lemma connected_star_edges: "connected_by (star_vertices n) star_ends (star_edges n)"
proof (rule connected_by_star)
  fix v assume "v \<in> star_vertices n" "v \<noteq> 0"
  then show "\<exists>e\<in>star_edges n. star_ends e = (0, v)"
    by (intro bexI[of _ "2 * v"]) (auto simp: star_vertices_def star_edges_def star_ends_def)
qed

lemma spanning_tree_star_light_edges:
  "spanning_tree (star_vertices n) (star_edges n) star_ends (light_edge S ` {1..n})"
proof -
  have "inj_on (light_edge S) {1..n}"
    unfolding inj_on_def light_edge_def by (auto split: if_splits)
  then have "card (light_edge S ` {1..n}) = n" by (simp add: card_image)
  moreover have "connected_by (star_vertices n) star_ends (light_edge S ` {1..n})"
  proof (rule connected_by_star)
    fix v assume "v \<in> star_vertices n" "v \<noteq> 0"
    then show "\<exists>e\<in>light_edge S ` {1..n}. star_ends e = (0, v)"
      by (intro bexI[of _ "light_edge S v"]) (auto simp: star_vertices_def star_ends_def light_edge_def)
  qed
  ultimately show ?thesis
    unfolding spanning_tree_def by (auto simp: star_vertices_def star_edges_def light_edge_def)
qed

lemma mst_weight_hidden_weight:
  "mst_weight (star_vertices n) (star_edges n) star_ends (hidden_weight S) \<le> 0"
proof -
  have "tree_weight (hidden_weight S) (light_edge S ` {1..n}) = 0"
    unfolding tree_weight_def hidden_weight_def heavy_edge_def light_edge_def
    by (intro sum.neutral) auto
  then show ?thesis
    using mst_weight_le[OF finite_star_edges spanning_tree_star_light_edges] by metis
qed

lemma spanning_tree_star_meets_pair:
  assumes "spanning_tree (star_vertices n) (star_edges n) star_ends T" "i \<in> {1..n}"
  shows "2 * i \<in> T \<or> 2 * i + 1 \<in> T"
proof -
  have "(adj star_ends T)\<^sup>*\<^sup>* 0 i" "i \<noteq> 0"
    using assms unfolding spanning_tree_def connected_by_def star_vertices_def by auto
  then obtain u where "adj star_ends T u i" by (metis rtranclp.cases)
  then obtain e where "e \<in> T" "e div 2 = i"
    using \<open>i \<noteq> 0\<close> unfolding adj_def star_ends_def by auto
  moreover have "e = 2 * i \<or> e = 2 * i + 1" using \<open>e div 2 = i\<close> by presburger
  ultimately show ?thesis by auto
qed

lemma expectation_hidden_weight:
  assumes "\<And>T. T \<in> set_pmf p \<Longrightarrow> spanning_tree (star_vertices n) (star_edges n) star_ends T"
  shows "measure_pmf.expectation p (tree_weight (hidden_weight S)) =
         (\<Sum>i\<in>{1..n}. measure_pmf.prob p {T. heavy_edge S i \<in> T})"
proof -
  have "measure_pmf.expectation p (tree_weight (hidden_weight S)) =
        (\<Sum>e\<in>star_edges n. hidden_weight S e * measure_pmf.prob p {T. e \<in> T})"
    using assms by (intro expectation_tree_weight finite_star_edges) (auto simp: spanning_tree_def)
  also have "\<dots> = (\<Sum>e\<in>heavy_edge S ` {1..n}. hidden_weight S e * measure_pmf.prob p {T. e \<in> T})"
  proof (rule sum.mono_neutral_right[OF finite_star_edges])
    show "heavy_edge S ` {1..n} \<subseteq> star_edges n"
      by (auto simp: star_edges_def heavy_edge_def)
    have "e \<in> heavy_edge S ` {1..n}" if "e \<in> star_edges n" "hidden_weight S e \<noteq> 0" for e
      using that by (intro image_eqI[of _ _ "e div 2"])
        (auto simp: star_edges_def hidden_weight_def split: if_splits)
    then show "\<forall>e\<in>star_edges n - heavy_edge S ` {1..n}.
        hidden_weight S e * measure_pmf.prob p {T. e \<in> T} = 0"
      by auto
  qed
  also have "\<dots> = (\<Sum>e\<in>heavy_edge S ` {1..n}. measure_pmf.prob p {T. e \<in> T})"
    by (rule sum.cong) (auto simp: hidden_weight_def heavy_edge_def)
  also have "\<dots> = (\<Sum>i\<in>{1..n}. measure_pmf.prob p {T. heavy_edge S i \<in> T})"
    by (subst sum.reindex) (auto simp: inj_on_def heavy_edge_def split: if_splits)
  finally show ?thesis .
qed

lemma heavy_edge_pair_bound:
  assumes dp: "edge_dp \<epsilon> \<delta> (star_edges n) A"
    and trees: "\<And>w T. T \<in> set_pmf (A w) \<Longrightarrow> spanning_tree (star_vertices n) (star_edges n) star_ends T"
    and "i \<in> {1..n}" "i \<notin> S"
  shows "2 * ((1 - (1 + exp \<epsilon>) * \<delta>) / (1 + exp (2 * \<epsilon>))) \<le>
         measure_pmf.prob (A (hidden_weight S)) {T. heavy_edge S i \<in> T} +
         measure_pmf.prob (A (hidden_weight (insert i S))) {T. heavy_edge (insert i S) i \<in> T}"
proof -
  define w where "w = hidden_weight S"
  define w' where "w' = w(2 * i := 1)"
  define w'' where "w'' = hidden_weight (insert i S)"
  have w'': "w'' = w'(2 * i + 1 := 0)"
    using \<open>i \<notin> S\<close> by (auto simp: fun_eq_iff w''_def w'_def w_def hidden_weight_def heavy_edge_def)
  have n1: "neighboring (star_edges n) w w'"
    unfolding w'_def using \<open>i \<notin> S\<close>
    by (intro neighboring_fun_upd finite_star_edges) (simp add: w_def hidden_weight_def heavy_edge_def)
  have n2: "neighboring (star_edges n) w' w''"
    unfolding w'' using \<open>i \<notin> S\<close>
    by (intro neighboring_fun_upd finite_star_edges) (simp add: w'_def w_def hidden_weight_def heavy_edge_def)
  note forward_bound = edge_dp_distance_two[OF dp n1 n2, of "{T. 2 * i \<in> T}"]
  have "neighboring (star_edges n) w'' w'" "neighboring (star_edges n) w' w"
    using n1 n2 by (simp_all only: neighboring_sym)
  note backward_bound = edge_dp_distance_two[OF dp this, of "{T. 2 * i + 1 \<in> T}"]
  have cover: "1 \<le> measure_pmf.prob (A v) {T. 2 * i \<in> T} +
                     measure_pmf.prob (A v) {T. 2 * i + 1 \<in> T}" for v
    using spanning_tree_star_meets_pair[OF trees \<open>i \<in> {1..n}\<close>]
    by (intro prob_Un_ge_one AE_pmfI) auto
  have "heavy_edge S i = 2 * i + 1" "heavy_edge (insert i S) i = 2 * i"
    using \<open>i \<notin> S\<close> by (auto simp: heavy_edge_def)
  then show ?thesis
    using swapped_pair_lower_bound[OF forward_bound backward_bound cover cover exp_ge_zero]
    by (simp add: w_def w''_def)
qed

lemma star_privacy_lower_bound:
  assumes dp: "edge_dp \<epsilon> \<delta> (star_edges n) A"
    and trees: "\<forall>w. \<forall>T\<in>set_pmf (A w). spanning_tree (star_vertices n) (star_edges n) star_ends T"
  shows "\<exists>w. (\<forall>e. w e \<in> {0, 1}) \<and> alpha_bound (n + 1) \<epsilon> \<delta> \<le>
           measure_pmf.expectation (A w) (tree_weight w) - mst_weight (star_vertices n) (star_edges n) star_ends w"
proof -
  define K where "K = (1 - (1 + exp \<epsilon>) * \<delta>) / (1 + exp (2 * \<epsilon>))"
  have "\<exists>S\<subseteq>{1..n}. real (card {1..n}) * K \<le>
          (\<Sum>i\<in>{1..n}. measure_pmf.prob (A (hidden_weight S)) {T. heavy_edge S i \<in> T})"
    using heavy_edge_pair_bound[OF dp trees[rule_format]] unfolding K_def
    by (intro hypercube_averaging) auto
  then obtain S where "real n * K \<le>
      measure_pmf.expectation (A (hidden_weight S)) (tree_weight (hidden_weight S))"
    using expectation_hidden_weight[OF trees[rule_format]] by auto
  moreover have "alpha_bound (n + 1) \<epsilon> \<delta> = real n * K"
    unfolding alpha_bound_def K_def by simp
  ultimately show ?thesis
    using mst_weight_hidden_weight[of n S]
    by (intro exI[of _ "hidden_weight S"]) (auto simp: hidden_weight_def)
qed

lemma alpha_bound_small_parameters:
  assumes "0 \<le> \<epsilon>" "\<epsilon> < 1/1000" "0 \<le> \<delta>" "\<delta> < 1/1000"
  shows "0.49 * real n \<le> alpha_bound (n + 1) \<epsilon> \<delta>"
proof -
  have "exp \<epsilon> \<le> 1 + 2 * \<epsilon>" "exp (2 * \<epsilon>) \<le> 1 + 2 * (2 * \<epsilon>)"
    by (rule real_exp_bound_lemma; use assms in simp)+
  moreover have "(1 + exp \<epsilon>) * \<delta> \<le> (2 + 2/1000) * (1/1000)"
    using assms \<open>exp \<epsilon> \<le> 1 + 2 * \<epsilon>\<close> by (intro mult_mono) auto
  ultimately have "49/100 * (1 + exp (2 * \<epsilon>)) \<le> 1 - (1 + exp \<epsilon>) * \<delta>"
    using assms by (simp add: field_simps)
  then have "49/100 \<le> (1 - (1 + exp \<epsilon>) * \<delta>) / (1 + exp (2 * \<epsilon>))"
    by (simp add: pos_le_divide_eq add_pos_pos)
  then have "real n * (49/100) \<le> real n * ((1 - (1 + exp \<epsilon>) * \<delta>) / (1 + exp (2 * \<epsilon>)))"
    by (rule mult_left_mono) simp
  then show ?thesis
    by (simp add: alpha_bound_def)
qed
==============================
▶ [TRY IT]:
All lines of the data that hold "assms" need to be copied.

▶ [RESPONSE AREA]:
    using assms unfolding spanning_tree_def connected_by_def star_vertices_def by auto
    using assms by (intro expectation_tree_weight finite_star_edges) (auto simp: spanning_tree_def)
    by (rule real_exp_bound_lemma; use assms in simp)+
    using assms \<open>exp \<epsilon> \<le> 1 + 2 * \<epsilon>\<close> by (intro mult_mono) auto
    using assms by (simp add: field_simps)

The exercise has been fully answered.